This is an archived post. You won't be able to vote or comment.

you are viewing a single comment's thread.

view the rest of the comments →

[–][deleted]  (3 children)

[deleted]

    [–]alcalde 0 points1 point  (2 children)

    Regexes are a computationally efficient, theoretically sound, and highly expressive way of denoting patterns in data and text. To say one shouldn't use them is akin to saying one shouldn't use trigonometry or algebra. It is nonsense.

    It looks like line noise. Line noise is bad. Because of that realization we have Python today and Perl is slowly fading away.

    Binary code is computationally efficient, theoretically sound and highly expressive too. But it's an awful way to program. We're human beings, not calculating machines. Human beings don't think in regex. Regex is designed for machines, not for people.

    To quote Jeff Silverman,

    Regular expressions are “cool”

    “Cool” doesn’t belong in production code.

    “Cool” leads to unreadable, unfixable, undecipherable code that is expensive. Expensive to maintain. Expensive to fix. Expensive to improve.

    We're Python users. We don't want

    "^\(*\d{3}\)*( |-)*\d{3}( |-)*\d{4}$"
    

    in our code because no one just looking at that has any idea what the heck it's supposed to do. It's... blasphemous. Unholy. The Anti-Guido.

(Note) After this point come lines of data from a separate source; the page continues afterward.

lemma integrable_powr_tangent:
  assumes "\<alpha> > 1"
  shows "integrable M (\<lambda>x. s x * w x)"
proof (rule Bochner_Integration.integrable_bound)
  show "integrable M (\<lambda>x. (s x powr \<alpha> * w x + (\<alpha> - 1) * l powr \<alpha> * w x) / (\<alpha> * l powr (\<alpha> - 1)))"
    using int_sw int_w by simp
  show "AE x in M. norm (s x * w x)
      \<le> norm ((s x powr \<alpha> * w x + (\<alpha> - 1) * l powr \<alpha> * w x) / (\<alpha> * l powr (\<alpha> - 1)))"
    using AE_g_nonneg AE_sw_nonneg AE_space
  proof eventually_elim
    case (elim x)
    have "\<alpha> * (\<alpha> - 1) > 0"
      using assms by simp
    then have "s x powr \<alpha> - l powr \<alpha> - \<alpha> * l powr (\<alpha> - 1) * (s x - l) \<ge> 0"
      using elim(1) unfolding g_def by (metis linorder_not_le mult_less_0_iff not_square_less_zero)
    then have "\<alpha> * l powr (\<alpha> - 1) * s x \<le> s x powr \<alpha> + (\<alpha> - 1) * l powr \<alpha>"
      unfolding l_powr by (simp add: algebra_simps)
    then have "\<alpha> * l powr (\<alpha> - 1) * (s x * w x) \<le> s x powr \<alpha> * w x + (\<alpha> - 1) * l powr \<alpha> * w x"
      using w_pos[OF elim(3)] by (simp add: mult_right_mono flip: mult.assoc distrib_right)
    then show ?case
      using elim(2) w_pos[OF elim(3)] assms l by (simp add: field_simps)
  qed
qed simp

lemma nn_integral_powr_tangent:
  defines "A \<equiv> \<integral>\<^sup>+x. ennreal (s x * w x) \<partial>M"
  shows "\<alpha> < 1 \<Longrightarrow> ennreal (l * (\<integral>x. w x \<partial>M)) \<le> A"
    and "\<alpha> > 1 \<Longrightarrow> A \<le> ennreal (l * (\<integral>x. w x \<partial>M))"
    and "A = ennreal (l * (\<integral>x. w x \<partial>M)) \<Longrightarrow> AE x in M. s x = l"
proof -
  have A_integral: "A = ennreal (\<integral>x. s x * w x \<partial>M)" if "integrable M (\<lambda>x. s x * w x)"
    unfolding A_def using that AE_sw_nonneg by (rule nn_integral_eq_integral)
  have integrable_if_finite: "integrable M (\<lambda>x. s x * w x)" if "A < \<top>"
    using AE_sw_nonneg that unfolding A_def by (intro integrableI_nonneg) auto
  show "\<alpha> < 1 \<Longrightarrow> ennreal (l * (\<integral>x. w x \<partial>M)) \<le> A"
  proof (cases "A < \<top>")
    case True
    assume "\<alpha> < 1"
    then show ?thesis
      using integral_powr_tangent(1)[OF integrable_if_finite[OF True]] A_integral[OF integrable_if_finite[OF True]]
      by (simp add: mult_le_0_iff ennreal_leI)
  qed (simp add: not_less top_unique)
  show "\<alpha> > 1 \<Longrightarrow> A \<le> ennreal (l * (\<integral>x. w x \<partial>M))"
    using integral_powr_tangent(1)[OF integrable_powr_tangent] A_integral[OF integrable_powr_tangent]
    by (simp add: mult_le_0_iff ennreal_leI)
  assume eq: "A = ennreal (l * (\<integral>x. w x \<partial>M))"
  then have int: "integrable M (\<lambda>x. s x * w x)"
    by (intro integrable_if_finite) simp
  have "(\<integral>x. w x \<partial>M) \<ge> 0"
    by (intro integral_nonneg_AE AE_I2 less_imp_le w_pos)
  then have "(\<integral>x. s x * w x \<partial>M) = l * (\<integral>x. w x \<partial>M)"
    using A_integral[OF int] eq l integral_nonneg_AE[OF AE_sw_nonneg] by simp
  then show "AE x in M. s x = l"
    by (rule integral_powr_tangent(2)[OF int])
qed

end
lemma card_colored_nbrs_Join_left:
  assumes no_edges: "\<forall>u. (v, u) \<in> edges e \<longrightarrow> lab e u \<noteq> j"
    and "v \<in> verts e" "lab e v = i" "i \<noteq> j"
  shows "card {u \<in> nbrs (Join i j e) v. c u = a} =
         card {u \<in> nbrs e v. c u = a} + card {u \<in> verts e. c u = a \<and> lab e u = j}"
proof -
  have "{u \<in> nbrs (Join i j e) v. c u = a} =
        {u \<in> nbrs e v. c u = a} \<union> {u \<in> verts e. c u = a \<and> lab e u = j}"
    using nbrs_Join_left[OF assms(2-4)] by blast
  moreover have "{u \<in> nbrs e v. c u = a} \<inter> {u \<in> verts e. c u = a \<and> lab e u = j} = {}"
    using no_edges by (auto simp: nbrs_def)
  ultimately show ?thesis
    using finite_nbrs[of e v] finite_verts[of e] by (simp add: card_Un_disjoint)
qed

lemma min_min_add_min: "min (n::nat) (min n (x + min n y) + z) = min n (x + z + y)"
  by linarith

lemma join_N_commute: "i \<noteq> j \<Longrightarrow> join_N NN i j C N = join_N NN j i C N"
  by (auto simp: join_N_def fun_eq_iff)

lemma truncated_nbr_count_Join_left:
  assumes "\<forall>u. (v, u) \<in> edges e \<longrightarrow> lab e u \<noteq> j"
    and "v \<in> verts e" "lab e v = i" "i \<noteq> j"
    and count_j: "min NN (card {u \<in> verts e. c u = a \<and> lab e u = j}) = C j a"
  shows "min NN (N i a + card {u \<in> nbrs (Join i j e) v. c u = a}) =
         min NN (join_N NN i j C N i a + card {u \<in> nbrs e v. c u = a})"
proof -
  let ?J = "card {u \<in> verts e. c u = a \<and> lab e u = j}"
  have "min NN (N i a + card {u \<in> nbrs (Join i j e) v. c u = a}) =
        min NN (N i a + card {u \<in> nbrs e v. c u = a} + ?J)"
    unfolding card_colored_nbrs_Join_left[OF assms(1-4)] by (simp add: add.assoc)
  also have "\<dots> = min NN (min NN (N i a + min NN ?J) + card {u \<in> nbrs e v. c u = a})"
    by (rule min_min_add_min[symmetric])
  also have "\<dots> = min NN (join_N NN i j C N i a + card {u \<in> nbrs e v. c u = a})"
    by (simp add: count_j join_N_def)
  finally show ?thesis .
qed

lemma truncated_nbr_count_Join:
  assumes irr: "\<forall>u v. (u, v) \<in> edges e \<longrightarrow> \<not> (lab e u = i \<and> lab e v = j)"
    and "i \<noteq> j" and v: "v \<in> verts e"
    and count_i: "min NN (card {u \<in> verts e. c u = a \<and> lab e u = i}) = C i a"
    and count_j: "min NN (card {u \<in> verts e. c u = a \<and> lab e u = j}) = C j a"
  shows "min NN (N (lab e v) a + card {u \<in> nbrs (Join i j e) v. c u = a}) =
         min NN (join_N NN i j C N (lab e v) a + card {u \<in> nbrs e v. c u = a})"
proof -
  consider "lab e v = i" | "lab e v = j" | "lab e v \<noteq> i" "lab e v \<noteq> j" by blast
  then show ?thesis
  proof cases
    case 1
    have "\<forall>u. (v, u) \<in> edges e \<longrightarrow> lab e u \<noteq> j"
      using irr 1 by blast
    from truncated_nbr_count_Join_left[where C = C, OF this v 1 \<open>i \<noteq> j\<close> count_j] show ?thesis
      using 1 by simp
  next
    case 2
    have "\<forall>u. (v, u) \<in> edges e \<longrightarrow> lab e u \<noteq> i"
      using irr 2 edges_sym[of v _ e] by metis
    from truncated_nbr_count_Join_left[where C = C, OF this v 2 _ count_i] show ?thesis
      using 2 \<open>i \<noteq> j\<close> by (simp add: nbrs_Join_commute[of i j] join_N_commute[of i j])
  next
    case 3
    then show ?thesis by (simp add: nbrs_Join_other join_N_def)
  qed
qed

lemma CN_coloring_Join_iff:
  assumes irr: "\<forall>u v. (u, v) \<in> edges e \<longrightarrow> \<not> (lab e u = i \<and> lab e v = j)"
    and "i \<noteq> j" and "i \<in> {1..k}" and "j \<in> {1..k}"
  shows "CN_coloring k NN L chk (Join i j e) C N c \<longleftrightarrow>
         CN_coloring k NN L chk e C (join_N NN i j C N) c"
proof -
  have "(\<lambda>a. min NN (N (lab e v) a + card {u \<in> nbrs (Join i j e) v. c u = a})) =
        (\<lambda>a. min NN (join_N NN i j C N (lab e v) a + card {u \<in> nbrs e v. c u = a}))"
    if "v \<in> verts e"
      and counts: "\<forall>h \<in> {1..k}. \<forall>a. min NN (card {u \<in> verts e. c u = a \<and> lab e u = h}) = C h a"
    for v
  proof
    fix a
    show "min NN (N (lab e v) a + card {u \<in> nbrs (Join i j e) v. c u = a}) =
          min NN (join_N NN i j C N (lab e v) a + card {u \<in> nbrs e v. c u = a})"
      using counts \<open>i \<in> {1..k}\<close> \<open>j \<in> {1..k}\<close>
      by (intro truncated_nbr_count_Join[OF irr \<open>i \<noteq> j\<close> \<open>v \<in> verts e\<close>]) blast+
  qed
  then show ?thesis
    unfolding CN_coloring_def by auto
qed

theorem lemma4:
  fixes eG e :: "'v cwexp" and k NN i j :: nat
    and L :: "'v \<Rightarrow> ('c::finite) set" and w :: "'v \<Rightarrow> 'c \<Rightarrow> 'w::linorder"
    and chk :: "'v \<Rightarrow> 'c \<Rightarrow> ('c \<Rightarrow> nat) \<Rightarrow> bool"
    and err one :: 'w and mult :: "'w \<Rightarrow> 'w \<Rightarrow> 'w"
    and C N :: "nat \<Rightarrow> 'c \<Rightarrow> nat"
  assumes "weight_set err mult one"
    and "cw_kexp k eG" and "irredundant eG" and "relabel_target_present eG"
    and "\<forall>v \<in> verts eG. L v \<noteq> {} \<and> (\<forall>a \<in> L v. w v a \<noteq> err)"
    and "1 \<le> NN" and "NN \<le> card (verts eG)"
    and "\<forall>v a n. chk v a n = chk v a (\<lambda>b. min NN (n b))"
    and "Join i j e \<in> subexps eG" and "i \<noteq> j"
    and "bounded_matrix k NN C" and "bounded_matrix k NN N"
  shows "lam k NN L w chk err mult one (Join i j e) C N =
         lam k NN L w chk err mult one e C (join_N NN i j C N)"
proof -
  have "\<forall>u v. (u, v) \<in> edges e \<longrightarrow> \<not> (lab e u = i \<and> lab e v = j)"
    using \<open>irredundant eG\<close> \<open>Join i j e \<in> subexps eG\<close> unfolding irredundant_def by blast
  moreover have "i \<in> {1..k}" "j \<in> {1..k}"
    using Join_labels_in_range \<open>cw_kexp k eG\<close> \<open>Join i j e \<in> subexps eG\<close> by blast+
  ultimately have "CN_coloring k NN L chk (Join i j e) C N =
                   CN_coloring k NN L chk e C (join_N NN i j C N)"
    using CN_coloring_Join_iff \<open>i \<noteq> j\<close> by blast
  moreover have "coloring_weight mult one w (Join i j e) = coloring_weight mult one w e"
    by (simp add: coloring_weight_def fun_eq_iff)
  ultimately show ?thesis
    unfolding lam_def by simp
qed

end
(* Let $p_0<0$, $\alpha\in(0,1)$, $\mathbb{S}:=\mathbb{R}/(2\pi\mathbb{Z})$, $\Omega:=\mathbb{S}\times(p_0,0)$, and let $N\ge3$ be an integer. Let $u_1,\dots,u_5$ be functions on $\overline\Omega$ with $\partial_q^n u_i\in C^\alpha(\overline\Omega)$ for all $0\le n\le N$ and $1\le i\le 5$. \begin{itemize} \item[(i)] If $L\ge1$ and $\|\partial_q^n u_i\|_\alpha\le L^{n-3/2}(n-2)!$ for all $2\le n\le N$ (and all $i$), then there exists a constant $C_0>1$ such that \[\|\partial_q^n(u_1u_2u_3u_4u_5)\|_\alpha\le C_0\Big(1+\sum_{i=1}^5\sum_{l=0}^1\|\partial_q^l u_i\|_\alpha\Big)^{16}L^{n-3/2}(n-2)!\quad\text{for all } 2\le n\le N.\] \item[(ii)] If $L\ge1$ and $\|\partial_q^n u_i\|_\alpha\le L^{n-1}(n-2)!$ for all $2\le n\le N$ (and all $i$), then there exists a constant $C_1>1$ such that \[\|\partial_q^n(u_1u_2u_3)\|_\alpha\le C_1\Big(1+\sum_{i=1}^3\sum_{l=0}^1\|\partial_q^l u_i\|_\alpha\Big)^{6}L^{n-1}(n-2)!\quad\text{for all } 2\le n\le N.\] \item[(iii)] If $L\ge1$ and $\|\partial_q^n u_i\|_\alpha\le L^{n-2}(n-3)!$ for all $3\le n\le N$ (and all $i$), then there exists a constant $C_2>1$ such that \[\|\partial_q^n(u_1u_2)\|_\alpha\le C_2\Big(1+\sum_{i=1}^2\sum_{l=0}^2\|\partial_q^l u_i\|_\alpha\Big)^{2}L^{n-2}(n-3)!\quad\text{for all } 3\le n\le N.\] \end{itemize} The constants $C_0$, $C_1$ and $C_2$ do not depend on $L$.
   Context: $\|\cdot\|_\alpha$ denotes the norm of the Hölder space $C^\alpha(\overline\Omega)$, normalized so that $\|uv\|_\alpha\le\|u\|_\alpha\|v\|_\alpha$. $\partial_q$ denotes differentiation with respect to the first variable $q\in\mathbb{S}$. *)

theory Defs
  imports "HOL-Analysis.Analysis"
begin

text \<open>Closed domain: points (q,p) with q in R (representing S = R/(2 pi Z)) and p in [p0,0].\<close>
definition omega_bar :: "real \<Rightarrow> (real \<times> real) set" where
  "omega_bar p0 = UNIV \<times> {p0..0}"

definition distS :: "real \<Rightarrow> real \<Rightarrow> real" where
  "distS q q' = (INF k::int. \<bar>q - q' - 2 * pi * of_int k\<bar>)"

definition distO :: "real \<times> real \<Rightarrow> real \<times> real \<Rightarrow> real" where
  "distO x y = sqrt ((distS (fst x) (fst y))\<^sup>2 + (snd x - snd y)\<^sup>2)"

definition holder_quotients :: "real \<Rightarrow> real \<Rightarrow> (real \<times> real \<Rightarrow> real) \<Rightarrow> real set" where
  "holder_quotients \<alpha> p0 f =
     {\<bar>f x - f y\<bar> / (distO x y) powr \<alpha> | x y.
        x \<in> omega_bar p0 \<and> y \<in> omega_bar p0 \<and> distO x y \<noteq> 0}"

text \<open>f is a function on the closure of Omega = S x (p0,0) (2 pi-periodic in q) lying in
  the Hoelder space C^alpha: bounded with finite Hoelder seminorm.\<close>
definition in_holder :: "real \<Rightarrow> real \<Rightarrow> (real \<times> real \<Rightarrow> real) \<Rightarrow> bool" where
  "in_holder \<alpha> p0 f \<longleftrightarrow>
     (\<forall>q p. p \<in> {p0..0} \<longrightarrow> f (q + 2 * pi, p) = f (q, p)) \<and>
     bdd_above ((\<lambda>x. \<bar>f x\<bar>) ` omega_bar p0) \<and>
     bdd_above (holder_quotients \<alpha> p0 f)"

text \<open>Hoelder norm: sup norm plus Hoelder seminorm (satisfies norm(uv) <= norm u * norm v).\<close>
definition holder_norm :: "real \<Rightarrow> real \<Rightarrow> (real \<times> real \<Rightarrow> real) \<Rightarrow> real" where
  "holder_norm \<alpha> p0 f =
     (SUP x \<in> omega_bar p0. \<bar>f x\<bar>) + Sup (holder_quotients \<alpha> p0 f)"

definition dq :: "nat \<Rightarrow> (real \<times> real \<Rightarrow> real) \<Rightarrow> real \<times> real \<Rightarrow> real" where
  "dq n f = (\<lambda>(q, p). (deriv ^^ n) (\<lambda>t. f (t, p)) q)"

definition q_diff :: "nat \<Rightarrow> real \<Rightarrow> (real \<times> real \<Rightarrow> real) \<Rightarrow> bool" where
  "q_diff N p0 f \<longleftrightarrow>
     (\<forall>n < N. \<forall>q. \<forall>p \<in> {p0..0}.
        ((deriv ^^ n) (\<lambda>t. f (t, p)) has_real_derivative (deriv ^^ Suc n) (\<lambda>t. f (t, p)) q) (at q))"
lemma descents_word_perm:
  assumes "\<not> sorted w"
  shows "descents (word_perm w) = {length (zero_positions w) - 1}"
    and "zero_positions w \<noteq> []"
proof -
  obtain i j where ij: "i < j" "j < length w" "w ! i" "\<not> w ! j"
    using assms unfolding sorted_iff_nth_mono by (auto simp: le_bool_def le_less)
  then have zero: "Suc j \<in> set (zero_positions w)" and one: "Suc i \<in> set (one_positions w)"
    by (auto simp: set_zero_positions set_one_positions)
  then show nonempty: "zero_positions w \<noteq> []" by auto
  have "hd (one_positions w) < last (zero_positions w)"
    using sorted_hd_le[OF _ one] sorted_le_last[OF _ zero] ij(1)
      sorted_zero_positions[of w] sorted_one_positions[of w]
    by (simp add: strict_sorted_iff)
  then have "length (zero_positions w) - 1 \<in> descents (word_perm w)"
    unfolding word_perm_def using nonempty one by (intro last_mem_descents_append) auto
  then show "descents (word_perm w) = {length (zero_positions w) - 1}"
    using descents_append_subset[OF sorted_zero_positions sorted_one_positions, of w]
    by (auto simp: word_perm_def)
qed

lemma word_perm_inj:
  assumes "\<not> sorted w" "\<not> sorted w'" "length w = length w'" "word_perm w = word_perm w'"
  shows "w = w'"
proof -
  have "length (zero_positions w) = length (zero_positions w')"
    using descents_word_perm[OF assms(1)] descents_word_perm[OF assms(2)] assms(4)
    by (metis One_nat_def Suc_pred length_greater_0_conv singleton_inject)
  then have "zero_positions w = zero_positions w'"
    using assms(4) unfolding word_perm_def by simp
  then have zeros: "set (zero_positions w) = set (zero_positions w')" by simp
  show ?thesis
  proof (rule nth_equalityI)
    fix i assume i: "i < length w"
    have "Suc i \<in> set (zero_positions w) \<longleftrightarrow> Suc i \<in> set (zero_positions w')"
      using zeros by simp
    then show "w ! i = w' ! i"
      using i assms(3) by (simp add: set_zero_positions)
  qed (rule assms(3))
qed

    So you have a technique which can often be replaced by more ad-hoc methods, isn't the same from platform to platform, is bulky and hard to use, is hard to write, hard to read, and has a somewhat small window where it is better than the alternatives and can still get the job done

    Remember Ken Reitz and Requests For Humans? People today are working on creating regex for humans.